WHAT THE TASK ASKS
Beginning with the line that holds "(\<lambda>(i,j). M $$" in the data below, give again every line through the one that holds "e M \<longleftrightarrow>", exactly as written.
════════
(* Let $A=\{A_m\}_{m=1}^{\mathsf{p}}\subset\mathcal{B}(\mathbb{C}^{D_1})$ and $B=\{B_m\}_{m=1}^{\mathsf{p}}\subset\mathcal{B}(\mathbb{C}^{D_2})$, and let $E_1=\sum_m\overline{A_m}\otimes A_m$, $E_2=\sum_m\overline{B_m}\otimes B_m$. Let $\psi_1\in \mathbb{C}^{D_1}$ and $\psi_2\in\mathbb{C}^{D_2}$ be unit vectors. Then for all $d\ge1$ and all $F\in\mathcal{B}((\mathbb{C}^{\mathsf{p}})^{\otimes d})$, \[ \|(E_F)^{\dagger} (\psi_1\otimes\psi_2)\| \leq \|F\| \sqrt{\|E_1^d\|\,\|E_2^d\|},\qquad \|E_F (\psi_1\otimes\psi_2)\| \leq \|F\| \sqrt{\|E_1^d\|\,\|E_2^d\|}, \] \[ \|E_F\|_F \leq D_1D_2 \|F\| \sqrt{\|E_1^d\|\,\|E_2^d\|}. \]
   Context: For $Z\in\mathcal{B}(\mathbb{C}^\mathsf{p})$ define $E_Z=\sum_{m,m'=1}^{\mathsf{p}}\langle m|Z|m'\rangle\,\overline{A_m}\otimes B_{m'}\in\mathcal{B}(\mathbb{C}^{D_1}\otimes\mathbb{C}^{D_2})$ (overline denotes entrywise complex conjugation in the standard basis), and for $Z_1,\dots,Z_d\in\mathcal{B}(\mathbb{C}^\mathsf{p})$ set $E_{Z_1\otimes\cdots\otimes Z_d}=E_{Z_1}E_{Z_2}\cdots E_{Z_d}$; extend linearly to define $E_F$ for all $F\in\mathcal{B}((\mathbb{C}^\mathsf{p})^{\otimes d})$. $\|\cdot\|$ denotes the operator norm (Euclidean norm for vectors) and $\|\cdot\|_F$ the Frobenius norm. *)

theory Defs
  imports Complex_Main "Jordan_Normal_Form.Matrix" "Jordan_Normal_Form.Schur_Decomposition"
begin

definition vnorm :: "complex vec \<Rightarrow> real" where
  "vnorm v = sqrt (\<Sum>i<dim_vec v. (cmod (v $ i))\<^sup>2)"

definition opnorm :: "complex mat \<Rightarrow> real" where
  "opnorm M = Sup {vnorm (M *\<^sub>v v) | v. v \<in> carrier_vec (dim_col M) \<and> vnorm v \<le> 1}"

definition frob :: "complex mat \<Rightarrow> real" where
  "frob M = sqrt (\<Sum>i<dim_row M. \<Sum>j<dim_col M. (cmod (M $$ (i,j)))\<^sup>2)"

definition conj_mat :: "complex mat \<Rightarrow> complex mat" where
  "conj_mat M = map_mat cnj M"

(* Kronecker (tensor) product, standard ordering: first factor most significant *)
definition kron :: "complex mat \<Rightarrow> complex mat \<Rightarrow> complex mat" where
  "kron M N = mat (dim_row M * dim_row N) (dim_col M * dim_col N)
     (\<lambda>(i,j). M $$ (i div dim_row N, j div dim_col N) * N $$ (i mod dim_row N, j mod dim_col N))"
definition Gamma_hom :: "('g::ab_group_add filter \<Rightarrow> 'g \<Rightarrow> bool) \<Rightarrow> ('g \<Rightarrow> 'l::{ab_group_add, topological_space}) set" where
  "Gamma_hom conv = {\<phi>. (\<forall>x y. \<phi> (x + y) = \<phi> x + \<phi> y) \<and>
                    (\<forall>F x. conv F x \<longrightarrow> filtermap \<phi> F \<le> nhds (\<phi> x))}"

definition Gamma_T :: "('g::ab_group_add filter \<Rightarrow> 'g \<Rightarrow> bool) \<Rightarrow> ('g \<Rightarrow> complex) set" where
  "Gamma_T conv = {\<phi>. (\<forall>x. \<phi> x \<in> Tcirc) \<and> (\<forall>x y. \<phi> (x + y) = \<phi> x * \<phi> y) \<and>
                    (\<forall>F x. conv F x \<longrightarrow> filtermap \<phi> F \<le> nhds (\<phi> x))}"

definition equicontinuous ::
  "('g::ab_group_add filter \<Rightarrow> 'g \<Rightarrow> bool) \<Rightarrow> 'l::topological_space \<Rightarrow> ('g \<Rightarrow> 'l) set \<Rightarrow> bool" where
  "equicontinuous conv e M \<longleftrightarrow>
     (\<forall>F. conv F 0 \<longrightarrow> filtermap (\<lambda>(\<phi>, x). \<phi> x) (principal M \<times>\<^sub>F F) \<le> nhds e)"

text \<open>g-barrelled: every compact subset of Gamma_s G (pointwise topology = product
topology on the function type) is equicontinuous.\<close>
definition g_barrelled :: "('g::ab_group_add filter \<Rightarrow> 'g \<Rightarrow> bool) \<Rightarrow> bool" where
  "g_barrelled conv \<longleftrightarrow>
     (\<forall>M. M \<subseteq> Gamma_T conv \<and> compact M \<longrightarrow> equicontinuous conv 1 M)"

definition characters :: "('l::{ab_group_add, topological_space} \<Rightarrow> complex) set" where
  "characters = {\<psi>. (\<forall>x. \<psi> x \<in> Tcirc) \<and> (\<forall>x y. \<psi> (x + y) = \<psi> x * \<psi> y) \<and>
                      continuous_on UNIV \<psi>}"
════════
RESPONSE AREA
     (\<lambda>(i,j). M $$ (i div dim_row N, j div dim_col N) * N $$ (i mod dim_row N, j mod dim_col N))"
definition Gamma_hom :: "('g::ab_group_add filter \<Rightarrow> 'g \<Rightarrow> bool) \<Rightarrow> ('g \<Rightarrow> 'l::{ab_group_add, topological_space}) set" where
  "Gamma_hom conv = {\<phi>. (\<forall>x y. \<phi> (x + y) = \<phi> x + \<phi> y) \<and>
                    (\<forall>F x. conv F x \<longrightarrow> filtermap \<phi> F \<le> nhds (\<phi> x))}"

definition Gamma_T :: "('g::ab_group_add filter \<Rightarrow> 'g \<Rightarrow> bool) \<Rightarrow> ('g \<Rightarrow> complex) set" where
  "Gamma_T conv = {\<phi>. (\<forall>x. \<phi> x \<in> Tcirc) \<and> (\<forall>x y. \<phi> (x + y) = \<phi> x * \<phi> y) \<and>
                    (\<forall>F x. conv F x \<longrightarrow> filtermap \<phi> F \<le> nhds (\<phi> x))}"

definition equicontinuous ::
  "('g::ab_group_add filter \<Rightarrow> 'g \<Rightarrow> bool) \<Rightarrow> 'l::topological_space \<Rightarrow> ('g \<Rightarrow> 'l) set \<Rightarrow> bool" where
  "equicontinuous conv e M \<longleftrightarrow>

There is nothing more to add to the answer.